(Beginning of MATERIALS PROVIDED)

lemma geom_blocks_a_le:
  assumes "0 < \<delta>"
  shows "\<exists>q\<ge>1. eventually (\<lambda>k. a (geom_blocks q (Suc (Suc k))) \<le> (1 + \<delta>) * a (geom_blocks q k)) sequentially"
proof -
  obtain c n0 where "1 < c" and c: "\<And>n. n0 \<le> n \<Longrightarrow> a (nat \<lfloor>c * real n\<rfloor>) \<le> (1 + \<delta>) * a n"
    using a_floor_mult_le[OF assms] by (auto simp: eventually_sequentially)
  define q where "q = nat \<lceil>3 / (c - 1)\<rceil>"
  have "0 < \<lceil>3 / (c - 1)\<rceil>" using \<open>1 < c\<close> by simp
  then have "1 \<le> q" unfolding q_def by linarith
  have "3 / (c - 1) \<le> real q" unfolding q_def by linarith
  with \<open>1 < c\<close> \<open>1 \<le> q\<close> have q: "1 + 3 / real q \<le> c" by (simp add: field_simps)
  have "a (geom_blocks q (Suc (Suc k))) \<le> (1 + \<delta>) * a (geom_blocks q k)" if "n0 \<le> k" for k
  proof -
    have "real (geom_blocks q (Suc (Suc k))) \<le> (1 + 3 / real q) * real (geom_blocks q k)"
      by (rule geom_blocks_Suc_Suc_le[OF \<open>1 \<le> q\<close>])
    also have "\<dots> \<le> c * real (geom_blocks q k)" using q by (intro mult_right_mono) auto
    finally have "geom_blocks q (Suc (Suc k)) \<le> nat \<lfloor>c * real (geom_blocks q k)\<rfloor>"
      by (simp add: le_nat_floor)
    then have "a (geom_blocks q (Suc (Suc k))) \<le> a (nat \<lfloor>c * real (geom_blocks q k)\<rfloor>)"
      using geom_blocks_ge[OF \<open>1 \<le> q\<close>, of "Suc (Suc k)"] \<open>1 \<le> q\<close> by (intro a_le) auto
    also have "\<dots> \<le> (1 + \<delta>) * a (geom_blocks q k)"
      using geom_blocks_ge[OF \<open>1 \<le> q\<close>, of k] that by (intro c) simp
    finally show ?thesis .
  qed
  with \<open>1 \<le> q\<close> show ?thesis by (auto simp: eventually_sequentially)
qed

(End of MATERIALS PROVIDED)
(Beginning of MATERIALS PROVIDED)

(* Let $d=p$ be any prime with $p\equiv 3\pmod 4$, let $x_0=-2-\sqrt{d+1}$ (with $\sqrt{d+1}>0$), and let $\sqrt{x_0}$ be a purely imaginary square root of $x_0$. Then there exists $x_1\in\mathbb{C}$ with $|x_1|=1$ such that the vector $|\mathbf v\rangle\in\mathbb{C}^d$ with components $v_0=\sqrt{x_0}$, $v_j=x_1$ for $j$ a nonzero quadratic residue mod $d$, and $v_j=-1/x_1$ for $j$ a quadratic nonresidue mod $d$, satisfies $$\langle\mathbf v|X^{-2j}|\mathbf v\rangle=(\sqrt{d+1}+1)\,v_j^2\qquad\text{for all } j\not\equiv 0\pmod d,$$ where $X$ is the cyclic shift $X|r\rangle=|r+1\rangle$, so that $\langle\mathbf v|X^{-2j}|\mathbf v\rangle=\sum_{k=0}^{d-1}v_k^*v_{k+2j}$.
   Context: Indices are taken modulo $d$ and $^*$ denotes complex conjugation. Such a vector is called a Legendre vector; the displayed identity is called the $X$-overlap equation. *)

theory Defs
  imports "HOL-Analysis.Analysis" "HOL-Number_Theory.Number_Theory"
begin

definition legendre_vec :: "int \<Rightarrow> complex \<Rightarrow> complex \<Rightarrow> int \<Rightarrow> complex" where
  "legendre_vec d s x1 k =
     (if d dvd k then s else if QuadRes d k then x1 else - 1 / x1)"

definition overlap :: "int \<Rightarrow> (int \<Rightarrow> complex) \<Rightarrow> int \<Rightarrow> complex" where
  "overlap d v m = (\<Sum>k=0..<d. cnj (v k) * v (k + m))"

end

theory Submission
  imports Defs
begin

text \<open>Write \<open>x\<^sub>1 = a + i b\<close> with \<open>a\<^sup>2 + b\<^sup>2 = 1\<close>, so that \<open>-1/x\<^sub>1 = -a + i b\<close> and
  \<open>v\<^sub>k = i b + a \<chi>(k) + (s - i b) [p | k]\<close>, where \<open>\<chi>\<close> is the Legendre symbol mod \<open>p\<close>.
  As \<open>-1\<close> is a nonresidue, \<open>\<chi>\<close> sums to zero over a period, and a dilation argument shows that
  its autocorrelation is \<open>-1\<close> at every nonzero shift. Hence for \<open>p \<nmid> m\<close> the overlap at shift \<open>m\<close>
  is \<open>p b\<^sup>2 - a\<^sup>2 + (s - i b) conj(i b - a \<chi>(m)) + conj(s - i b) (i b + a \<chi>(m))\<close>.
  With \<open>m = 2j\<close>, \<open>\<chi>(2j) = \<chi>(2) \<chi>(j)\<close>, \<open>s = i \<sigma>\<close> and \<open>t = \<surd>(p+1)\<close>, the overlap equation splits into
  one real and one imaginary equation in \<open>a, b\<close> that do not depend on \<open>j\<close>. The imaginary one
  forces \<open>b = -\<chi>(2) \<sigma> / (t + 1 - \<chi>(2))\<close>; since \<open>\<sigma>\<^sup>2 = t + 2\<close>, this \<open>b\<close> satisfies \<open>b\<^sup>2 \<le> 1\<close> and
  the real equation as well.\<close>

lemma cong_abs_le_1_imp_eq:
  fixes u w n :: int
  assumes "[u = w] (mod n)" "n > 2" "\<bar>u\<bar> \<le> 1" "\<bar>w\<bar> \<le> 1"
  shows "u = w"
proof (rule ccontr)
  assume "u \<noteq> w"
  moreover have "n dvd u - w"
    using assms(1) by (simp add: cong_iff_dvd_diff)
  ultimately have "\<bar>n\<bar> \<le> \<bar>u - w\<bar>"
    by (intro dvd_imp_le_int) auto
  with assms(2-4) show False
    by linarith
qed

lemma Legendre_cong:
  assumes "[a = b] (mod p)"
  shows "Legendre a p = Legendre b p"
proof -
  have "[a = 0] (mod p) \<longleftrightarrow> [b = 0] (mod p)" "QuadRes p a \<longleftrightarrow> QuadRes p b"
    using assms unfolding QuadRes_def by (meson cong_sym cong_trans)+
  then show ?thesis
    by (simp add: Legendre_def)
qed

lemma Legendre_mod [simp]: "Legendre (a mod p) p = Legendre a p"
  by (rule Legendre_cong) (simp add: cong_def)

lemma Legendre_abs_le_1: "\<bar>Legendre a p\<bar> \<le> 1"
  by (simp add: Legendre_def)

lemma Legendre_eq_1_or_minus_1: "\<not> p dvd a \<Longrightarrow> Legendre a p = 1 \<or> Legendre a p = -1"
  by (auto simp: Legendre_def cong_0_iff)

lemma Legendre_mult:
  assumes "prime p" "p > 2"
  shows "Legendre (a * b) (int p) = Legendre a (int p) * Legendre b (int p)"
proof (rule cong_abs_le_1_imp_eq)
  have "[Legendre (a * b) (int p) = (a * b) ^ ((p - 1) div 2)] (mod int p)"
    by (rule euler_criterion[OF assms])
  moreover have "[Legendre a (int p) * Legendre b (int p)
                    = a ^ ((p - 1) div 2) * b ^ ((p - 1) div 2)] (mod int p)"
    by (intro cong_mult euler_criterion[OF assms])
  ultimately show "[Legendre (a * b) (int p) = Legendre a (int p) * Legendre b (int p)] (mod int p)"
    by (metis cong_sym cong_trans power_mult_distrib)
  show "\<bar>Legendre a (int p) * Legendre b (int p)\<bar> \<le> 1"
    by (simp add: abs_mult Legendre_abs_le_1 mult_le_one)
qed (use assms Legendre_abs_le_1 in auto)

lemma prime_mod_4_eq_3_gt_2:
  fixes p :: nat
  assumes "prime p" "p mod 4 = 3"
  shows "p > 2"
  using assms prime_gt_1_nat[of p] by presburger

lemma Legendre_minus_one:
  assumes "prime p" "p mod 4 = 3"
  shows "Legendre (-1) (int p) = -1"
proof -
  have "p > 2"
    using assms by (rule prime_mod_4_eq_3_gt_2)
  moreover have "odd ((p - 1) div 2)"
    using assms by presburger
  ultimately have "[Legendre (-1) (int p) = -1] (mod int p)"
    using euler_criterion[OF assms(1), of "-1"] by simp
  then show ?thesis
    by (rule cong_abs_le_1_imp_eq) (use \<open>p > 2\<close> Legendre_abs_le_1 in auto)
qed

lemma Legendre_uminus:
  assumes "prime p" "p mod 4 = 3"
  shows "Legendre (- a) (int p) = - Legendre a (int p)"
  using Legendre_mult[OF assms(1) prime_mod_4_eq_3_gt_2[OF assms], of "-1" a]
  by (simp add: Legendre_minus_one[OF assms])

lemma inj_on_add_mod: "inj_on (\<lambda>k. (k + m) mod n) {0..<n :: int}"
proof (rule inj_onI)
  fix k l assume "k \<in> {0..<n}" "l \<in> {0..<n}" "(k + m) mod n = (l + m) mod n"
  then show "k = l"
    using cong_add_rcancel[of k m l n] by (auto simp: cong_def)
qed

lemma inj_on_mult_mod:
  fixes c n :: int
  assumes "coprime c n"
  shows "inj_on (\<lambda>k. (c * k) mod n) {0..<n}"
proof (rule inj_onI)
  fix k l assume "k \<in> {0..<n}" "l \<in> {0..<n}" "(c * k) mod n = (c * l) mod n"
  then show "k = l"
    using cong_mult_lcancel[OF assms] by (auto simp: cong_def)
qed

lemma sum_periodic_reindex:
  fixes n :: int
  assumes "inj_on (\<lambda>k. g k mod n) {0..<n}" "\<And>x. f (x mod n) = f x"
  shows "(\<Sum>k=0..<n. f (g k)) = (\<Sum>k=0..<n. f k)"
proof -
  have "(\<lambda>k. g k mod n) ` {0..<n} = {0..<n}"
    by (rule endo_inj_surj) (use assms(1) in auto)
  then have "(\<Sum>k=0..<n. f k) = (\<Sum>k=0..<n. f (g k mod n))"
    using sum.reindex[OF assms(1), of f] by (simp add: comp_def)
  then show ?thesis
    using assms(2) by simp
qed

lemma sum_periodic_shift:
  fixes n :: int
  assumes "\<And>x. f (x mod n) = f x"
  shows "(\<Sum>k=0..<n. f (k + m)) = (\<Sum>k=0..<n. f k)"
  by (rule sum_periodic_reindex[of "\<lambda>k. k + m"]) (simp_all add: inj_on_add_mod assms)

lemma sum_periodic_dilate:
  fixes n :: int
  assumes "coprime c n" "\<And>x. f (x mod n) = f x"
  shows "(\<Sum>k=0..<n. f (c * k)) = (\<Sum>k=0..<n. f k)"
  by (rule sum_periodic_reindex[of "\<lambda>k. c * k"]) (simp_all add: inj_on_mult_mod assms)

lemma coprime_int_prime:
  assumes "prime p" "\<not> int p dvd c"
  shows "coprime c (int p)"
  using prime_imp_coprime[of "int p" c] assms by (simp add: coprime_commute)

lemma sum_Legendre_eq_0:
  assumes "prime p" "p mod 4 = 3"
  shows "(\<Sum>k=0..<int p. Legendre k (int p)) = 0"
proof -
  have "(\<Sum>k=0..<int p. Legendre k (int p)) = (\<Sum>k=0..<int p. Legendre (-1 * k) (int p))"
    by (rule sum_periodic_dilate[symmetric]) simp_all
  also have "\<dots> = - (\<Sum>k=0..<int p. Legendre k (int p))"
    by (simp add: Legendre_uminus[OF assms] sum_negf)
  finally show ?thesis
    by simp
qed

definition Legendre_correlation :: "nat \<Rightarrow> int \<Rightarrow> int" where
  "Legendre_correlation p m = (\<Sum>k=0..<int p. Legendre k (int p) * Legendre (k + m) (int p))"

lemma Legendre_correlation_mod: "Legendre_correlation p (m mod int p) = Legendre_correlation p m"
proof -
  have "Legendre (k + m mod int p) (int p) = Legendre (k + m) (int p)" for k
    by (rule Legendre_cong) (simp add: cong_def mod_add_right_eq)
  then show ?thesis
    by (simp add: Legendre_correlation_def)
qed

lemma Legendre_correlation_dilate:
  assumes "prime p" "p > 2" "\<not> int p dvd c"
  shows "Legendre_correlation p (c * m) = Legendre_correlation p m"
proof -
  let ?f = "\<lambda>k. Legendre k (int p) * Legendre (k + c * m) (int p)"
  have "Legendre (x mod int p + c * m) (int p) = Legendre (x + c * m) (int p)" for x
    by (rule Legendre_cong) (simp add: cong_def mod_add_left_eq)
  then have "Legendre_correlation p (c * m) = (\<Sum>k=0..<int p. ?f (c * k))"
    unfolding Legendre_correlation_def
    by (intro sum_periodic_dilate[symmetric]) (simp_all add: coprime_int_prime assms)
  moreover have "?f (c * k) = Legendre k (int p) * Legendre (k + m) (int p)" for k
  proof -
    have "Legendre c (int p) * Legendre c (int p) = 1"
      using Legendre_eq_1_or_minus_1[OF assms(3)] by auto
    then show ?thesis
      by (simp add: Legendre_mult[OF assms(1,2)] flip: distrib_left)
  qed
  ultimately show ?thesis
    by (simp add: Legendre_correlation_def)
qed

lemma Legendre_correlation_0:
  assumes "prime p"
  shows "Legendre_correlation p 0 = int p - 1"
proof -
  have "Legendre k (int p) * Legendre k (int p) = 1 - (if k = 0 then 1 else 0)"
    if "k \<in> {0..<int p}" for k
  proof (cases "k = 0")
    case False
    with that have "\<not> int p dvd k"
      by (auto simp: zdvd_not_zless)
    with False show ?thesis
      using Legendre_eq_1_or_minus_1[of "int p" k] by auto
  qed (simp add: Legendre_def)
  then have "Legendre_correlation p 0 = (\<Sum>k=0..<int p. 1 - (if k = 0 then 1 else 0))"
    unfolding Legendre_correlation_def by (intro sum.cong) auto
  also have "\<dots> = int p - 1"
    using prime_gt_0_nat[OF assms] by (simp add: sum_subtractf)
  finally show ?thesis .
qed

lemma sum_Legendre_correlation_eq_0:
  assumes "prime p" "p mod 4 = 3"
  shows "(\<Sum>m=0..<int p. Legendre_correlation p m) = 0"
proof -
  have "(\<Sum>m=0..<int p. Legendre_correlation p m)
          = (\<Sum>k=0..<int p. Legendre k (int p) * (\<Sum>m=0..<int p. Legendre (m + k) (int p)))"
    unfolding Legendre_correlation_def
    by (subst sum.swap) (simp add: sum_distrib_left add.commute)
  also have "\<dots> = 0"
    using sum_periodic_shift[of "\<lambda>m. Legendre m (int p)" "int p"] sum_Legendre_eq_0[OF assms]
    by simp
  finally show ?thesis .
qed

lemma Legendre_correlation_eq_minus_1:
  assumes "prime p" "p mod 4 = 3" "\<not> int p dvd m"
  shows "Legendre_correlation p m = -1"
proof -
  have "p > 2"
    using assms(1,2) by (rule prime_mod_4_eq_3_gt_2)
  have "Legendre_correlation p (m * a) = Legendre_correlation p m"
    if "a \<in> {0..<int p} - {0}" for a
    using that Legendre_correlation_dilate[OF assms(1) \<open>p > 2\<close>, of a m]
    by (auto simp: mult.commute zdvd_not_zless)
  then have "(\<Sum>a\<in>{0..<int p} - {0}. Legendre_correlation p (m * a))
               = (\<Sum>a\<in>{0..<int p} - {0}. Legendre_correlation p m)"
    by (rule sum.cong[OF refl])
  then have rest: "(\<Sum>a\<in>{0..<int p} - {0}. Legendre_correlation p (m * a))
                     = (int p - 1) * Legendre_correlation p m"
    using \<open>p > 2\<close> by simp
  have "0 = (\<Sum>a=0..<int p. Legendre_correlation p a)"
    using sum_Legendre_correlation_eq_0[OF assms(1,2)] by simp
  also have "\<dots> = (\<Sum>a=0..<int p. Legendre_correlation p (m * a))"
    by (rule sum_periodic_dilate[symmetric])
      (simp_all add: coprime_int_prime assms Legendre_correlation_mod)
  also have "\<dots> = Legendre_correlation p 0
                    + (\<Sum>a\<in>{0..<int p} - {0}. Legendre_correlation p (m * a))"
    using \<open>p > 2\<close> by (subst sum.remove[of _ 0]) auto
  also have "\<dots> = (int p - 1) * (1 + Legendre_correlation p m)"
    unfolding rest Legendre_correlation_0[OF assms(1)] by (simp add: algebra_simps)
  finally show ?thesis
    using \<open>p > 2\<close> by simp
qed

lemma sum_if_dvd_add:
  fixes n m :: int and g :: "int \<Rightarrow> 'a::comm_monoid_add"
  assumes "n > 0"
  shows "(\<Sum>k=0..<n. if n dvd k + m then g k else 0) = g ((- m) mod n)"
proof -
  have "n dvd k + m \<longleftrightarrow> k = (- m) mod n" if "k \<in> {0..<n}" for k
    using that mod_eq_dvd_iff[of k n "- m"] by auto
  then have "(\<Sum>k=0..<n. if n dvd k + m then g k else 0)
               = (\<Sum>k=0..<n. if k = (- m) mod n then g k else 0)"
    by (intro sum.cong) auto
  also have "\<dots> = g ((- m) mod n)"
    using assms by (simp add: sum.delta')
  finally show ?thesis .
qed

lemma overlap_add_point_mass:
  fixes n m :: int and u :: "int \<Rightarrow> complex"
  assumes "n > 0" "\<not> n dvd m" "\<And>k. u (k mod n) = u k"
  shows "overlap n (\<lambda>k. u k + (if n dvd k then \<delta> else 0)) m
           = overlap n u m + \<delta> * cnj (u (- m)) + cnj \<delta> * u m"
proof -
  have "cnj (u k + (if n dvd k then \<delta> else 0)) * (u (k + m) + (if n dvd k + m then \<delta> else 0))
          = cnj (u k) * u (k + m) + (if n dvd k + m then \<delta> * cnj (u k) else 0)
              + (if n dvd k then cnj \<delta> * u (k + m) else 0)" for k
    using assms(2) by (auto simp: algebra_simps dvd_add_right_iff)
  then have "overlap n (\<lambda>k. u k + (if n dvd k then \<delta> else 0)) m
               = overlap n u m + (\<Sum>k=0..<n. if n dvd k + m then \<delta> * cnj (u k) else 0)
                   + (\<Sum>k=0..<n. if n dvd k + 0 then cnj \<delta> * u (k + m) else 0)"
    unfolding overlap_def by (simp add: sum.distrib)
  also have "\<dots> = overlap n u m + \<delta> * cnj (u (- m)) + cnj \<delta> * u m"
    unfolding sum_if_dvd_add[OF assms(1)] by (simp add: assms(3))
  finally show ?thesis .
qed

(End of MATERIALS PROVIDED)

→ EXERCISE GOAL
Search the records for the string "subst" and return every line in which it occurs.

→ TASK SOLUTION
    by (subst sum.swap) (simp add: sum_distrib_left add.commute)
    using \<open>p > 2\<close> by (subst sum.remove[of _ 0]) auto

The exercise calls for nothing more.